WORK ORDER:
Copy out, from the data, each line containing the string "else".

(Excerpts from a dataset)
+++++

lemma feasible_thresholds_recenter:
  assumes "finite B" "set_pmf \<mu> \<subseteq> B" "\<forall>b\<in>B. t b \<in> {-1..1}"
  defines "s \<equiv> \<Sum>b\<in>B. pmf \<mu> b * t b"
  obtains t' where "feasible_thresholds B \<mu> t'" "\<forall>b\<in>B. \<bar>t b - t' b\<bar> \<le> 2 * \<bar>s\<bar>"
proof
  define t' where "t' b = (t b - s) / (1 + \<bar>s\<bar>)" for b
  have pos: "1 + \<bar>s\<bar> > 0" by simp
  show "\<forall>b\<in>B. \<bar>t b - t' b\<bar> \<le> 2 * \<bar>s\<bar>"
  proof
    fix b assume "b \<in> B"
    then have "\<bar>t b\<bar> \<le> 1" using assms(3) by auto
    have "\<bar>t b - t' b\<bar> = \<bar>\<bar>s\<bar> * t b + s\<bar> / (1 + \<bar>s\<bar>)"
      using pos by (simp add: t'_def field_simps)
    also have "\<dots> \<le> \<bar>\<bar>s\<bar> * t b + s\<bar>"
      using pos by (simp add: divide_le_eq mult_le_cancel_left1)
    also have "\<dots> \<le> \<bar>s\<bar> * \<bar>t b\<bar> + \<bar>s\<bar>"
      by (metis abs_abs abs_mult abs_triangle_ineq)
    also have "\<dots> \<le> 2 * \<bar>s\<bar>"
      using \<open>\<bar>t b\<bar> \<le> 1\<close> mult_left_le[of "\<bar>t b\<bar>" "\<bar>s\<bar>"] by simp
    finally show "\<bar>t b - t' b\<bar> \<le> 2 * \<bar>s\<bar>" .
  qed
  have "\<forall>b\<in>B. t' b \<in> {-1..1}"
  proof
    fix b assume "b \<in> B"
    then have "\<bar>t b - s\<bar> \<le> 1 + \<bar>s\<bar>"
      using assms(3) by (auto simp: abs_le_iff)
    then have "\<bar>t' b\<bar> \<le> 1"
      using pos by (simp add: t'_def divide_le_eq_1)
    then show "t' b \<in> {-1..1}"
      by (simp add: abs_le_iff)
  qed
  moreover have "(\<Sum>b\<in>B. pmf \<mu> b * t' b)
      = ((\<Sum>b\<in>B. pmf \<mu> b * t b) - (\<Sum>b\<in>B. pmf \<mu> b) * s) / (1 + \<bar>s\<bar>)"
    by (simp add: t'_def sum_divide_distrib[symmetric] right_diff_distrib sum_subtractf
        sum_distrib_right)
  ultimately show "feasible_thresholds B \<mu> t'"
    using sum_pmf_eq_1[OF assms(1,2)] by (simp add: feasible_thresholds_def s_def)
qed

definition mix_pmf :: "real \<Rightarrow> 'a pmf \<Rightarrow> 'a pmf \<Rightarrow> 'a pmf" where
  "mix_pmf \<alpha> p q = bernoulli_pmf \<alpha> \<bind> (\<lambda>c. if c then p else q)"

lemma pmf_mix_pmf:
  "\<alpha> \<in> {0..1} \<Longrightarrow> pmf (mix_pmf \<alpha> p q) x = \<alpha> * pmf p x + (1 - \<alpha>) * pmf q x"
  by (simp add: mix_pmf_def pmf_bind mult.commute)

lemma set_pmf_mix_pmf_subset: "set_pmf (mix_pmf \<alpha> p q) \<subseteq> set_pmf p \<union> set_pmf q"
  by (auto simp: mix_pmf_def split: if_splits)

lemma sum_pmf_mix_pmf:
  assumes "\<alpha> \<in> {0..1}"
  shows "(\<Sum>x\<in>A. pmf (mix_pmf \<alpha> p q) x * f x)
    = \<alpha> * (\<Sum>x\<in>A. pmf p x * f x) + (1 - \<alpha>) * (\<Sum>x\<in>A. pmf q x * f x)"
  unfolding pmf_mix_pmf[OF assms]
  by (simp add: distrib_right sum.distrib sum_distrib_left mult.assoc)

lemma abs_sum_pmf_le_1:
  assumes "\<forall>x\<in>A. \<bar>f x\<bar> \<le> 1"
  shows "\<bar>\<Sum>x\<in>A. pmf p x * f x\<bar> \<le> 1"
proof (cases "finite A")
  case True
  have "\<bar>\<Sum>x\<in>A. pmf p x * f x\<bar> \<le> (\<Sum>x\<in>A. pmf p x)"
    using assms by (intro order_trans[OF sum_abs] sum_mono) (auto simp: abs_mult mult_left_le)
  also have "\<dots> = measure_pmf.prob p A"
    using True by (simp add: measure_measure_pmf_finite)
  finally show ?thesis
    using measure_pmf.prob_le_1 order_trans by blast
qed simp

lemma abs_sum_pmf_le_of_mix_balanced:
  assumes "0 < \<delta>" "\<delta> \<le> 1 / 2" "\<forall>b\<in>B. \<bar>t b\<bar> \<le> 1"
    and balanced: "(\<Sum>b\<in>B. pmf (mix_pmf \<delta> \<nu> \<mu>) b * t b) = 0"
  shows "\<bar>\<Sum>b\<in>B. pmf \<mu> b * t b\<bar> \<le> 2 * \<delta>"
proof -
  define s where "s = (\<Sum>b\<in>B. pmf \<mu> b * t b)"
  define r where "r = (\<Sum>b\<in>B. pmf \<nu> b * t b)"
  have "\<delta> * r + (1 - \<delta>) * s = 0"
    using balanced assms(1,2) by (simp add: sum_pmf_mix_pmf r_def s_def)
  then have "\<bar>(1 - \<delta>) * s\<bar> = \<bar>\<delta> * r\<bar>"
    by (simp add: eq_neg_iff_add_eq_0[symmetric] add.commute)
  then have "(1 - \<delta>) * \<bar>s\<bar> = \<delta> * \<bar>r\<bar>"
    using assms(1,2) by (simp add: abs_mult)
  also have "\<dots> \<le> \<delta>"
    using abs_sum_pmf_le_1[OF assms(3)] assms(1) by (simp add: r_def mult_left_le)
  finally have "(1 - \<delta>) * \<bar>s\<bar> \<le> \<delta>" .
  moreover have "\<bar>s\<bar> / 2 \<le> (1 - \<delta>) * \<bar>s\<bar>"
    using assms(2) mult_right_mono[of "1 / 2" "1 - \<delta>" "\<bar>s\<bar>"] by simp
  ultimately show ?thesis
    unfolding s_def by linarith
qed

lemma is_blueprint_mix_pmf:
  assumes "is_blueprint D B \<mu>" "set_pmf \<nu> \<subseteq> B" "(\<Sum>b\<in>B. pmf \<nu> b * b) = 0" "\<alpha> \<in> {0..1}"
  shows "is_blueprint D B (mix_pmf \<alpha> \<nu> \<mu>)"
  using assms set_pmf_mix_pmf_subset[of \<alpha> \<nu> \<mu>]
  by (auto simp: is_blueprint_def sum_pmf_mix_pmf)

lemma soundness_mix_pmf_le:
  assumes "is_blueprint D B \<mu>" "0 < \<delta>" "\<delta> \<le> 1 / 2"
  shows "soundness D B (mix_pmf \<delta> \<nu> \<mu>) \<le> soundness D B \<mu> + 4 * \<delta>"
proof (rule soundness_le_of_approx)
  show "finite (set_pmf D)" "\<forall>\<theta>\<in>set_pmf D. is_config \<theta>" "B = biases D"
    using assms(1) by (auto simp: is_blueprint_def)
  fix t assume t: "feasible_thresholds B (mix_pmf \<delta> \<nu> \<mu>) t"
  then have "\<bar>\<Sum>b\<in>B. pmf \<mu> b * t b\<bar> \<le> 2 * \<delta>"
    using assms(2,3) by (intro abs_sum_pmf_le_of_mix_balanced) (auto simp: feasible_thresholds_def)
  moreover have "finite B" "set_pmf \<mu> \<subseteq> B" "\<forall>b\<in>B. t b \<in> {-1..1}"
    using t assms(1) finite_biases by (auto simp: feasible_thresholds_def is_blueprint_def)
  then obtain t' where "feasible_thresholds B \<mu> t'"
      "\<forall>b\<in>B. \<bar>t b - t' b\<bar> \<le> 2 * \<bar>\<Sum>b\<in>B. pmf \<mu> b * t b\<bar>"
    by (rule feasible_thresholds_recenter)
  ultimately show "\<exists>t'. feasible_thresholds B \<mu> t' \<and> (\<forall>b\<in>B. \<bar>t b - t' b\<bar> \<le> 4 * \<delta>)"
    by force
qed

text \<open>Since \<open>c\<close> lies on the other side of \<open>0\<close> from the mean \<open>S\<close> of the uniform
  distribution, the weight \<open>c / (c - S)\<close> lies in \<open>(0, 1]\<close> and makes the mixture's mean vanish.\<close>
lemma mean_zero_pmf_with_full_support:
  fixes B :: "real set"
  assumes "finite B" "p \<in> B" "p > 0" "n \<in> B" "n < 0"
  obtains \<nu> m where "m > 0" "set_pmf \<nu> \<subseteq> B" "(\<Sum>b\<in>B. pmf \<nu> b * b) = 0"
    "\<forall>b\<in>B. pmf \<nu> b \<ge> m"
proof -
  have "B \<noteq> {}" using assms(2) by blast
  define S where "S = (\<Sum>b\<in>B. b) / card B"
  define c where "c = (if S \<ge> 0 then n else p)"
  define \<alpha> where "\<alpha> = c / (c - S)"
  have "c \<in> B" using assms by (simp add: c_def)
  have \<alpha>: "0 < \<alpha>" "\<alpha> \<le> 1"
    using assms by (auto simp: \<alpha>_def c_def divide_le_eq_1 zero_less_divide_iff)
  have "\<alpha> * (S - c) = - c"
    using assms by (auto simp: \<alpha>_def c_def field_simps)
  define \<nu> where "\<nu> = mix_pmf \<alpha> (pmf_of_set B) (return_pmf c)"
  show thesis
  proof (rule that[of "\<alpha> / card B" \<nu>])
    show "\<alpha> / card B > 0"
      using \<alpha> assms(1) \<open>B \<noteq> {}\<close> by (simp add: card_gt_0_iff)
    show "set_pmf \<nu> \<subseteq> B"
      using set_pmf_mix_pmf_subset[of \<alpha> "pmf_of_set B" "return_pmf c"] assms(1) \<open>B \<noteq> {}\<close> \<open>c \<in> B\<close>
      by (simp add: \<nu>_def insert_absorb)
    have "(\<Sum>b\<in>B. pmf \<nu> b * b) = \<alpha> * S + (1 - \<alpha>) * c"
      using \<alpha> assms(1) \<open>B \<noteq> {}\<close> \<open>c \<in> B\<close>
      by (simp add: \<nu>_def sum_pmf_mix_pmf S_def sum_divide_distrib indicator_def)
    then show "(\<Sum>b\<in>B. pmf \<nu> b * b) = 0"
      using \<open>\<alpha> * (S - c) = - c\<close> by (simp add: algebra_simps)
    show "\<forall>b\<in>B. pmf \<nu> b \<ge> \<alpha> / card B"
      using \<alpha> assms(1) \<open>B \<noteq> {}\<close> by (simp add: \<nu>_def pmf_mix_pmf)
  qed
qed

+++++

SOLVED PROBLEM:
  "mix_pmf \<alpha> p q = bernoulli_pmf \<alpha> \<bind> (\<lambda>c. if c then p else q)"
  define c where "c = (if S \<ge> 0 then n else p)"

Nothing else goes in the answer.